Multicultural traverses to Dome C

For the last 10 years, three French-led traverses have transported building materials and fuel supplies on tractor-towed sledges from coastal Dumont d'Urville station to Dome C, 1100km inland and 3200m above sea level. In the past few years diesel mechanics from the Australian Antarctic Program have been invited to participate in these traverses trading knowledge with the French. This year we (John Donaldson and Scott Noblet) participated in the second and third traverses.

It takes 12 days on average to get to Dome C with the loaded sleds and about eight days to return. The start is slow, with large sastrugi and a relatively steep climb keeping the average speed below about 11km/h. As fuel is used, fuel sleds are left for collection on the return trip. Loss of power to the tractors due to altitude is counteracted by the load getting lighter and the road getting smoother. As the temperature steadily decreases so does the wind, making bearable temperatures of minus 30°–40°.

About 470 tons of ‘usable’ cargo was delivered to Dome C station by the three traverses this season. After unloading of sleds at Dome C the vehicles are serviced over two days before starting on the return trip. ‘Downhill’ speeds are at least 14km/h and usually much more, especially with the help of a snowplough smoothing the sastrugi.

A typical day on traverse involved waking up at 7:15am, having a quick breakfast, then starting the tractors at 8 o'clock and warming them up for half an hour. By 8:30am loads were connected and the train ready to start. At 1:30pm we stopped for one hour for lunch before driving again non-stop until 8:30pm.

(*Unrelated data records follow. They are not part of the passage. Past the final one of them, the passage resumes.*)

(* In the noiseless discrete channel setting described in the context, suppose Assumption A holds, and suppose that for some sequence of sample sizes $n=n_N$ it holds that $\lim_{N\to\infty}\mathrm P(Z_{N,\delta}>0)=0$ for all $\delta\in(0,2]$. Then $$\lim_{N\to\infty}\frac{H(\theta\mid Y^n,X^n)}{H(\theta)}=0.$$
   Context: Setting. For each $N\in\mathbb N$: $\Theta=\Theta_N$ is a finite subset of the unit sphere of $\mathbb R^N$ of cardinality $M=M_N$, with $M_N\to\infty$ and $\langle\theta,\theta'\rangle\ge 0$ for all $\theta,\theta'\in\Theta$; $P_\Theta$ is the uniform distribution on $\Theta$; $\mathcal D=\mathcal D_N$ is a distribution on $\mathbb R^{L}$; $g=g_N:\mathbb R^L\times\mathbb R^N\to\mathcal Y$ with $\mathcal Y$ finite of cardinality independent of $N$. One draws $\theta\sim P_\Theta$, independently $X_1,\dots,X_n$ i.i.d. from $\mathcal D$, and sets $Y_i=g(X_i,\theta)$; $Y^n=(Y_i)_{i\le n}$, $X^n=(X_i)_{i\le n}$. $H$ denotes Shannon entropy (natural log), so $H(\theta)=\log M$. For $\delta\in[0,2]$, $Z_{N,\delta}$ is the number of $\theta'\in\Theta$ with $Y_i=g(X_i,\theta')$ for all $i\le n$ and $\|\theta-\theta'\|^2\ge\delta$. Assumption A: for $\theta,\theta'$ independent draws from $P_\Theta$, $\lim_{\delta\to0^+}\lim_{N\to\infty}\frac{\log\left(M\,P_\Theta^{\otimes2}(\langle\theta,\theta'\rangle\ge 1-\delta)\right)}{\log M}=0$; and for any $\theta\in\Theta$, if $\theta'\sim P_\Theta$, then for every $\epsilon>0$, $\lim_N P_\Theta(\langle\theta',\theta\rangle\ge\epsilon)=0$. *)

theory Defs
  imports "HOL-Probability.Probability"
begin

(* Vectors of R^N are represented as functions nat => real vanishing outside {..<N}. *)

definition ip :: "nat \<Rightarrow> (nat \<Rightarrow> real) \<Rightarrow> (nat \<Rightarrow> real) \<Rightarrow> real" where
  "ip N u v = (\<Sum>i<N. u i * v i)"

definition sqdist :: "nat \<Rightarrow> (nat \<Rightarrow> real) \<Rightarrow> (nat \<Rightarrow> real) \<Rightarrow> real" where
  "sqdist N u v = (\<Sum>i<N. (u i - v i)^2)"

definition on_unit_sphere :: "nat \<Rightarrow> (nat \<Rightarrow> real) set \<Rightarrow> bool" where
  "on_unit_sphere N T \<longleftrightarrow> (\<forall>t\<in>T. (\<forall>i\<ge>N. t i = 0) \<and> ip N t t = 1)"

definition entropy_pmf :: "'a pmf \<Rightarrow> real" where
  "entropy_pmf p = - (\<Sum>a\<in>set_pmf p. pmf p a * ln (pmf p a))"

definition cond_entropy_pmf :: "('a \<times> 'b) pmf \<Rightarrow> real" where
  "cond_entropy_pmf J = entropy_pmf J - entropy_pmf (map_pmf snd J)"

definition sample_law :: "nat \<Rightarrow> 'x measure \<Rightarrow> (nat \<Rightarrow> 'x) measure" where
  "sample_law n D = PiM {..<n} (\<lambda>_. D)"

definition labels :: "('x \<Rightarrow> 't \<Rightarrow> 'y) \<Rightarrow> nat \<Rightarrow> (nat \<Rightarrow> 'x) \<Rightarrow> 't \<Rightarrow> 'y list" where
  "labels g n xs t = map (\<lambda>i. g (xs i) t) [0..<n]"

(* H(theta | Y^n, X^n), theta uniform on T, independent of X^n:
   E_{X^n}[ H(theta | Y^n, X^n = xs) ] *)
definition cond_entropy_post ::
  "'t set \<Rightarrow> ('x \<Rightarrow> 't \<Rightarrow> 'y) \<Rightarrow> 'x measure \<Rightarrow> nat \<Rightarrow> real" where
  "cond_entropy_post T g D n =
     (\<integral>xs. cond_entropy_pmf (map_pmf (\<lambda>t. (t, labels g n xs t)) (pmf_of_set T))
        \<partial>(sample_law n D))"

(* P(Z_{N,delta} > 0), joint probability over theta ~ unif(T) and X^n ~ D^n *)
definition prob_Z_pos ::
  "nat \<Rightarrow> (nat \<Rightarrow> real) set \<Rightarrow> ('x \<Rightarrow> (nat \<Rightarrow> real) \<Rightarrow> 'y) \<Rightarrow> 'x measure \<Rightarrow> nat \<Rightarrow> real \<Rightarrow> real" where
  "prob_Z_pos N T g D n \<delta> =
     (\<Sum>t\<in>T. measure (sample_law n D)
        {xs \<in> space (sample_law n D).
           \<exists>t'\<in>T. (\<forall>i<n. g (xs i) t' = g (xs i) t) \<and> sqdist N t t' \<ge> \<delta>}) / real (card T)"

end

theory Submission
  imports Defs
begin

(* Given the sample, the posterior of theta is uniform on the parameters producing the same labels,
   so H(theta | Y^n, X^n) is the average over theta of ln |class of theta|.  Unless some parameter
   at squared distance at least 2 delta is consistent with the sample (probability P(Z_{N,2 delta} > 0)), the
   class of theta lies in the spherical cap of inner product at least 1 - delta around theta;
   otherwise it is bounded by the trivial ln M.  By Jensen the averaged log-size of the caps is at
   most the logarithm of the quantity in Assumption A, so dividing by ln M and letting first
   N -> infinity and then delta -> 0 gives the claim. *)

lemma entropy_map_pmf_of_set:
  assumes "finite S" and "S \<noteq> {}"
  shows "entropy_pmf (map_pmf F (pmf_of_set S)) =
    - (\<Sum>s\<in>S. ln (real (card {s'\<in>S. F s' = F s}) / real (card S))) / real (card S)"
proof -
  let ?m = "real (card S)"
  let ?c = "\<lambda>b. real (card {s'\<in>S. F s' = b})"
  have pmf_map: "pmf (map_pmf F (pmf_of_set S)) b = ?c b / ?m" for b
  proof -
    have "S \<inter> F -` {b} = {s'\<in>S. F s' = b}" by auto
    then show ?thesis using assms by (simp add: pmf_map measure_pmf_of_set)
  qed
  have "(\<Sum>s\<in>S. ln (?c (F s) / ?m)) / ?m = (\<Sum>s\<in>S. ln (?c (F s) / ?m) / ?m)"
    by (simp add: sum_divide_distrib)
  also have "\<dots> = (\<Sum>b\<in>F ` S. \<Sum>s\<in>{s'\<in>S. F s' = b}. ln (?c (F s) / ?m) / ?m)"
    by (rule sum.image_gen[OF assms(1)])
  also have "\<dots> = (\<Sum>b\<in>F ` S. ?c b * (ln (?c b / ?m) / ?m))"
    by (intro sum.cong refl) simp
  also have "\<dots> = (\<Sum>b\<in>F ` S. pmf (map_pmf F (pmf_of_set S)) b * ln (pmf (map_pmf F (pmf_of_set S)) b))"
    by (intro sum.cong refl) (simp add: pmf_map)
  finally show ?thesis
    using assms by (simp add: entropy_pmf_def)
qed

The nine people all had jobs. Two people checked the sleds and loads, two people fuelled up the nine vehicles, three mechanics serviced the vehicles, one person prepared the meals and one did odd jobs like filling the snow melter, cleaning the incinerator toilet and helping out where needed. Food — all pre-cooked in Australia — was prepared by the doctor.

We had a great time. We learned a lot and were made very welcome by both the French and Italian people, who were very patient with our shocking attempts at their language. Most of them have a lot of traverse experience, having been involved for many years, and everything ran very smoothly and efficiently.